▸ What you will do: If a line holds the word "Defs", copy it from the entries.

..........

(* Let $E_1,\dots,E_d\subset\{1,\dots,l\}$ and assume that for every transition $j\to k$ of the model the function $V^{jk}$ is strictly increasing. Then, for $0\le t_1<t_2$, the matrix $\mathbf V_{\mathrm{all}}(t_2)-\mathbf V_{\mathrm{all}}(t_1)$ is invertible if and only if the vectors $\Psi_{E_1},\dots,\Psi_{E_d}$ are linearly independent.
   Context: In a Markov multi-state model on states $\{0,\dots,l\}$ with transition intensities $\lambda^{jk}$, a transition of the model is a pair $(j,k)$, $j\neq k$, with $\lambda^{jk}\not\equiv0$; let $w_1,\dots,w_{n_{\mathrm{trans}}}$ enumerate them. A transition $(j,k)$ contributes to $E\subset\{1,\dots,l\}$ if $j\notin E$ and $k\in E$. For $E$ define $\Psi_E=(\psi_{E,m})_{m=1}^{n_{\mathrm{trans}}}\in\{0,1\}^{n_{\mathrm{trans}}}$ with $\psi_{E,m}=1$ iff $w_m$ contributes to $E$. Data setting: $X$ the Markov process with $X(0)=0$, $Z\in\{0,1\}$ treatment group, $C(t)=\tilde C\wedge(t-R)_+$ the censoring time at calendar time $t$ ($R$ entry time, $\tilde C$ dropout time), $X$ independent of $(R,Z,\tilde C)$; $\mu^j(s)=\mathbb E[Z\mathbb 1\{X(s-)=j\}\mathbb 1\{s\le C(t)\}]/\mathbb E[\mathbb 1\{X(s-)=j\}\mathbb 1\{s\le C(t)\}]$, assumed not to depend on $t$; $q^{jk}(s)$ deterministic weight functions. Define $V^{jk}(t)=\int_{[0,t]}q^{jk}(s)^2\lambda^{jk}(s)\mathbb E[\mathbb 1\{X(s)=j\}\mathbb 1\{s\le C(t)\}(Z-\mu^j(s))^2]ds$ and the $d\times d$ matrix $\mathbf V_{\mathrm{all}}(t)$ with entries $V_{\mathrm{all},c_1c_2}(t)=\sum_{k\in E_{c_1}\cap E_{c_2}}\sum_{j\notin E_{c_1}\cup E_{c_2}}V^{jk}(t)$ (sum over transitions of the model). *)

theory Defs
  imports "HOL-Analysis.Analysis" "Jordan_Normal_Form.Matrix"
begin

definition transitions :: "nat \<Rightarrow> (nat \<Rightarrow> nat \<Rightarrow> real \<Rightarrow> real) \<Rightarrow> (nat \<times> nat) set" where
  "transitions l lam = {(j,k). j \<le> l \<and> k \<le> l \<and> j \<noteq> k \<and> (\<exists>s\<ge>0. lam j k s \<noteq> 0)}"

definition contributes :: "nat \<times> nat \<Rightarrow> nat set \<Rightarrow> bool" where
  "contributes w E \<longleftrightarrow> fst w \<notin> E \<and> snd w \<in> E"

text \<open>Psi_E with respect to an enumeration w_0,...,w_{n-1} of the transitions.\<close>
definition Psi :: "nat \<Rightarrow> (nat \<Rightarrow> nat \<times> nat) \<Rightarrow> nat set \<Rightarrow> real vec" where
  "Psi n w E = vec n (\<lambda>m. if contributes (w m) E then 1 else 0)"

definition lin_indep_family :: "nat \<Rightarrow> nat \<Rightarrow> (nat \<Rightarrow> real vec) \<Rightarrow> bool" where
  "lin_indep_family n d v \<longleftrightarrow>
     (\<forall>a :: nat \<Rightarrow> real. finsum_vec TYPE(real) n (\<lambda>c. a c \<cdot>\<^sub>v v c) {..<d} = 0\<^sub>v n
        \<longrightarrow> (\<forall>c<d. a c = 0))"

definition V_all :: "nat \<Rightarrow> (nat \<Rightarrow> nat \<Rightarrow> real \<Rightarrow> real) \<Rightarrow> (nat \<Rightarrow> nat \<Rightarrow> real \<Rightarrow> real)
    \<Rightarrow> nat \<Rightarrow> (nat \<Rightarrow> nat set) \<Rightarrow> real \<Rightarrow> real mat" where
  "V_all l lam V d E t = mat d d (\<lambda>(c1, c2).
     \<Sum>(j,k)\<in>{(j,k)\<in>transitions l lam. k \<in> E c1 \<inter> E c2 \<and> j \<notin> E c1 \<union> E c2}. V j k t)"

end

theory Submission
  imports Defs "Jordan_Normal_Form.Determinant"
begin

text \<open>Enumerating the transitions as \<open>w\<^sub>0, \<dots>, w\<^sub>n\<^sub>-\<^sub>1\<close>, the increment
  \<open>V\<^sub>a\<^sub>l\<^sub>l(t\<^sub>2) - V\<^sub>a\<^sub>l\<^sub>l(t\<^sub>1)\<close> equals \<open>\<Psi>\<^sup>T \<Delta> \<Psi>\<close>, where \<open>\<Psi>\<close> is the \<open>n \<times> d\<close> matrix with
  columns \<open>\<Psi>\<^sub>E\<^sub>c\<close> and \<open>\<Delta>\<close> is diagonal with the increments of \<open>V\<^sup>j\<^sup>k\<close> over \<open>[t\<^sub>1, t\<^sub>2]\<close>,
  which are positive by strict monotonicity. For such a weighted Gram matrix
  \<open>v\<^sup>T \<Psi>\<^sup>T \<Delta> \<Psi> v = \<Sum>\<^sub>m \<Delta>\<^sub>m (\<Psi> v)\<^sub>m\<^sup>2\<close>, so its kernel is the kernel of \<open>\<Psi>\<close>: it is invertible
  iff the columns of \<open>\<Psi>\<close> are linearly independent.\<close>

lemma invertible_mat_iff_det_nonzero:
  fixes A :: "'a :: field mat"
  assumes A: "A \<in> carrier_mat n n"
  shows "invertible_mat A \<longleftrightarrow> det A \<noteq> 0"
proof
  assume "invertible_mat A"
  then obtain B where AB: "A * B = 1\<^sub>m n" and BA: "B * A = 1\<^sub>m (dim_row B)"
    using A unfolding invertible_mat_def inverts_mat_def by auto
  have "B \<in> carrier_mat n n"
    using arg_cong[OF AB, of dim_col] arg_cong[OF BA, of dim_col] A by auto
  then have "A \<in> Units (ring_mat TYPE('a) n undefined)"
    using A AB BA unfolding Units_def ring_mat_def by auto
  then show "det A \<noteq> 0" by (rule unit_imp_det_non_zero)
next
  assume "det A \<noteq> 0"
  from det_non_zero_imp_unit[OF A this, of undefined]
  obtain B where "B \<in> carrier_mat n n" "B * A = 1\<^sub>m n" "A * B = 1\<^sub>m n"
    unfolding Units_def ring_mat_def by auto
  then show "invertible_mat A"
    using A unfolding invertible_mat_def inverts_mat_def by auto
qed

lemma invertible_mat_iff_trivial_kernel:
  fixes A :: "'a :: field mat"
  assumes A: "A \<in> carrier_mat n n"
  shows "invertible_mat A \<longleftrightarrow> (\<forall>v\<in>carrier_vec n. A *\<^sub>v v = 0\<^sub>v n \<longrightarrow> v = 0\<^sub>v n)"
  using invertible_mat_iff_det_nonzero[OF A] det_0_iff_vec_prod_zero_field[OF A] by blast

lemma lin_indep_family_vec_iff:
  "lin_indep_family n d (\<lambda>c. vec n (\<lambda>m. a m c)) \<longleftrightarrow>
     (\<forall>x. (\<forall>m<n. (\<Sum>c<d. x c * a m c) = 0) \<longrightarrow> (\<forall>c<d. x c = 0))"
proof -
  have "finsum_vec TYPE(real) n (\<lambda>c. x c \<cdot>\<^sub>v vec n (\<lambda>m. a m c)) {..<d} = 0\<^sub>v n \<longleftrightarrow>
        (\<forall>m<n. (\<Sum>c<d. x c * a m c) = 0)" for x
  proof -
    have cl: "(\<lambda>c. x c \<cdot>\<^sub>v vec n (\<lambda>m. a m c)) \<in> {..<d} \<rightarrow> carrier_vec n" by auto
    show ?thesis
      using finsum_vec_closed[OF cl] index_finsum_vec[OF _ _ cl] by (auto simp: vec_eq_iff)
  qed
  then show ?thesis unfolding lin_indep_family_def by simp
qed

definition weighted_gram_mat :: "nat \<Rightarrow> nat \<Rightarrow> (nat \<Rightarrow> real) \<Rightarrow> (nat \<Rightarrow> nat \<Rightarrow> real) \<Rightarrow> real mat"
  where "weighted_gram_mat n d \<delta> a = mat d d (\<lambda>(i, j). \<Sum>m<n. \<delta> m * a m i * a m j)"

lemma weighted_gram_mat_carrier: "weighted_gram_mat n d \<delta> a \<in> carrier_mat d d"
  by (simp add: weighted_gram_mat_def)

lemma weighted_gram_mult_vec_index:
  assumes v: "v \<in> carrier_vec d" and i: "i < d"
  shows "(weighted_gram_mat n d \<delta> a *\<^sub>v v) $ i = (\<Sum>m<n. \<delta> m * a m i * (\<Sum>c<d. v $ c * a m c))"
proof -
  have "(weighted_gram_mat n d \<delta> a *\<^sub>v v) $ i = (\<Sum>c<d. (\<Sum>m<n. \<delta> m * a m i * a m c) * v $ c)"
    using v i by (simp add: weighted_gram_mat_def scalar_prod_def lessThan_atLeast0)
  also have "\<dots> = (\<Sum>c<d. \<Sum>m<n. \<delta> m * a m i * (v $ c * a m c))"
    by (simp add: sum_distrib_left sum_distrib_right algebra_simps)
  also have "\<dots> = (\<Sum>m<n. \<Sum>c<d. \<delta> m * a m i * (v $ c * a m c))"
    by (rule sum.swap)
  also have "\<dots> = (\<Sum>m<n. \<delta> m * a m i * (\<Sum>c<d. v $ c * a m c))"
    by (simp add: sum_distrib_left)
  finally show ?thesis .
qed

lemma weighted_gram_quadratic_form:
  assumes v: "v \<in> carrier_vec d"
  shows "(\<Sum>i<d. v $ i * (weighted_gram_mat n d \<delta> a *\<^sub>v v) $ i) =
         (\<Sum>m<n. \<delta> m * (\<Sum>c<d. v $ c * a m c)\<^sup>2)"
proof -
  have "(\<Sum>i<d. v $ i * (weighted_gram_mat n d \<delta> a *\<^sub>v v) $ i) =
        (\<Sum>i<d. \<Sum>m<n. v $ i * (\<delta> m * a m i * (\<Sum>c<d. v $ c * a m c)))"
    using weighted_gram_mult_vec_index[OF v] by (simp add: sum_distrib_left)
  also have "\<dots> = (\<Sum>m<n. \<delta> m * (\<Sum>c<d. v $ c * a m c)\<^sup>2)"
    by (subst sum.swap)
      (simp add: power2_eq_square sum_distrib_left sum_distrib_right algebra_simps)
  finally show ?thesis .
qed

lemma weighted_gram_mult_vec_eq_0_iff:
  assumes pos: "\<forall>m<n. 0 < \<delta> m" and v: "v \<in> carrier_vec d"
  shows "weighted_gram_mat n d \<delta> a *\<^sub>v v = 0\<^sub>v d \<longleftrightarrow> (\<forall>m<n. (\<Sum>c<d. v $ c * a m c) = 0)"
proof
  assume "weighted_gram_mat n d \<delta> a *\<^sub>v v = 0\<^sub>v d"
  then have "(\<Sum>m<n. \<delta> m * (\<Sum>c<d. v $ c * a m c)\<^sup>2) = 0"
    using weighted_gram_quadratic_form[OF v, of n \<delta> a] by simp
  then have "\<forall>m<n. \<delta> m * (\<Sum>c<d. v $ c * a m c)\<^sup>2 = 0"
    using pos by (subst (asm) sum_nonneg_eq_0_iff) (auto simp: less_imp_le)
  then show "\<forall>m<n. (\<Sum>c<d. v $ c * a m c) = 0"
    using pos by (metis mult_eq_0_iff power_eq_0_iff less_irrefl)
next
  assume "\<forall>m<n. (\<Sum>c<d. v $ c * a m c) = 0"
  then show "weighted_gram_mat n d \<delta> a *\<^sub>v v = 0\<^sub>v d"
    using v weighted_gram_mult_vec_index[OF v]
    by (intro eq_vecI) (auto simp: weighted_gram_mat_def)
qed

lemma invertible_weighted_gram_mat_iff:
  assumes pos: "\<forall>m<n. 0 < \<delta> m"
  shows "invertible_mat (weighted_gram_mat n d \<delta> a) \<longleftrightarrow>
         lin_indep_family n d (\<lambda>c. vec n (\<lambda>m. a m c))"
proof -
  have "invertible_mat (weighted_gram_mat n d \<delta> a) \<longleftrightarrow>
        (\<forall>v\<in>carrier_vec d. (\<forall>m<n. (\<Sum>c<d. v $ c * a m c) = 0) \<longrightarrow> v = 0\<^sub>v d)"
    using invertible_mat_iff_trivial_kernel[OF weighted_gram_mat_carrier]
      weighted_gram_mult_vec_eq_0_iff[OF pos] by auto
  also have "\<dots> \<longleftrightarrow> (\<forall>x. (\<forall>m<n. (\<Sum>c<d. x c * a m c) = 0) \<longrightarrow> (\<forall>c<d. x c = 0))"
  proof (intro iffI allI impI ballI)
    fix x c
    assume "\<forall>v\<in>carrier_vec d. (\<forall>m<n. (\<Sum>c<d. v $ c * a m c) = 0) \<longrightarrow> v = 0\<^sub>v d"
      and "\<forall>m<n. (\<Sum>c<d. x c * a m c) = 0" and "c < d"
    moreover have "(\<Sum>c<d. vec d x $ c * a m c) = (\<Sum>c<d. x c * a m c)" for m
      by (rule sum.cong) auto
    ultimately show "x c = 0"
      by (metis index_vec index_zero_vec(1) vec_carrier)
  next
    fix v :: "real vec"
    assume "\<forall>x. (\<forall>m<n. (\<Sum>c<d. x c * a m c) = 0) \<longrightarrow> (\<forall>c<d. x c = 0)"
      and "v \<in> carrier_vec d" and "\<forall>m<n. (\<Sum>c<d. v $ c * a m c) = 0"
    then show "v = 0\<^sub>v d"
      by (intro eq_vecI) auto
  qed
  finally show ?thesis
    by (simp add: lin_indep_family_vec_iff)
qed

lemma V_all_diff_eq_weighted_gram_mat:
  assumes enum: "bij_betw w {..<n} (transitions l lam)"
  shows "V_all l lam V d E t' - V_all l lam V d E t =
    weighted_gram_mat n d (\<lambda>m. V (fst (w m)) (snd (w m)) t' - V (fst (w m)) (snd (w m)) t)
      (\<lambda>m c. if contributes (w m) (E c) then 1 else 0)"
    (is "?D = ?G")
proof (rule eq_matI)
  fix i j assume i: "i < dim_row ?G" and j: "j < dim_col ?G"
  let ?in = "\<lambda>p :: nat \<times> nat. snd p \<in> E i \<inter> E j \<and> fst p \<notin> E i \<union> E j"
  let ?inc = "\<lambda>p :: nat \<times> nat. V (fst p) (snd p) t' - V (fst p) (snd p) t"
  have fin: "finite (transitions l lam)"
    using bij_betw_finite enum by blast
  have "(V_all l lam V d E t' - V_all l lam V d E t) $$ (i, j) =
        (\<Sum>p\<in>{p \<in> transitions l lam. ?in p}. ?inc p)"
    using i j by (simp add: V_all_def weighted_gram_mat_def split_def sum_subtractf)
  also have "\<dots> = (\<Sum>p\<in>transitions l lam. if ?in p then ?inc p else 0)"
    using fin by (simp add: sum.inter_filter)
  also have "\<dots> = (\<Sum>m<n. if ?in (w m) then ?inc (w m) else 0)"
    by (rule sum.reindex_bij_betw[OF enum, symmetric])
  also have "\<dots> = weighted_gram_mat n d (\<lambda>m. ?inc (w m))
      (\<lambda>m c. if contributes (w m) (E c) then 1 else 0) $$ (i, j)"
    using i j by (auto simp: weighted_gram_mat_def contributes_def intro: sum.cong)
  finally show "?D $$ (i, j) = ?G $$ (i, j)" .
qed (auto simp: V_all_def weighted_gram_mat_def)

theorem lemma3:
  fixes l d n :: nat
    and lam :: "nat \<Rightarrow> nat \<Rightarrow> real \<Rightarrow> real"
    and V :: "nat \<Rightarrow> nat \<Rightarrow> real \<Rightarrow> real"
    and E :: "nat \<Rightarrow> nat set"
    and w :: "nat \<Rightarrow> nat \<times> nat"
    and t1 t2 :: real
  assumes enum: "bij_betw w {..<n} (transitions l lam)"
    and E_sub: "\<forall>c<d. E c \<subseteq> {1..l}"
    and V_incr: "\<forall>(j,k)\<in>transitions l lam. strict_mono_on {0..} (V j k)"
    and t1: "0 \<le> t1" and t12: "t1 < t2"
  shows "invertible_mat (V_all l lam V d E t2 - V_all l lam V d E t1)
           \<longleftrightarrow> lin_indep_family n d (\<lambda>c. Psi n w (E c))"
proof -
  have "0 < V (fst (w m)) (snd (w m)) t2 - V (fst (w m)) (snd (w m)) t1" if "m < n" for m
  proof -
    have "w m \<in> transitions l lam"
      using enum that by (auto simp: bij_betw_def)
    then have "strict_mono_on {0..} (V (fst (w m)) (snd (w m)))"
      using V_incr by auto
    then show ?thesis
      using t1 t12 by (simp add: strict_mono_on_def)
  qed
  then show ?thesis
    unfolding V_all_diff_eq_weighted_gram_mat[OF enum] Psi_def
    by (simp add: invertible_weighted_gram_mat_iff)
qed

end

..........

▸ Output:
theory Defs
  imports Defs "Jordan_Normal_Form.Determinant"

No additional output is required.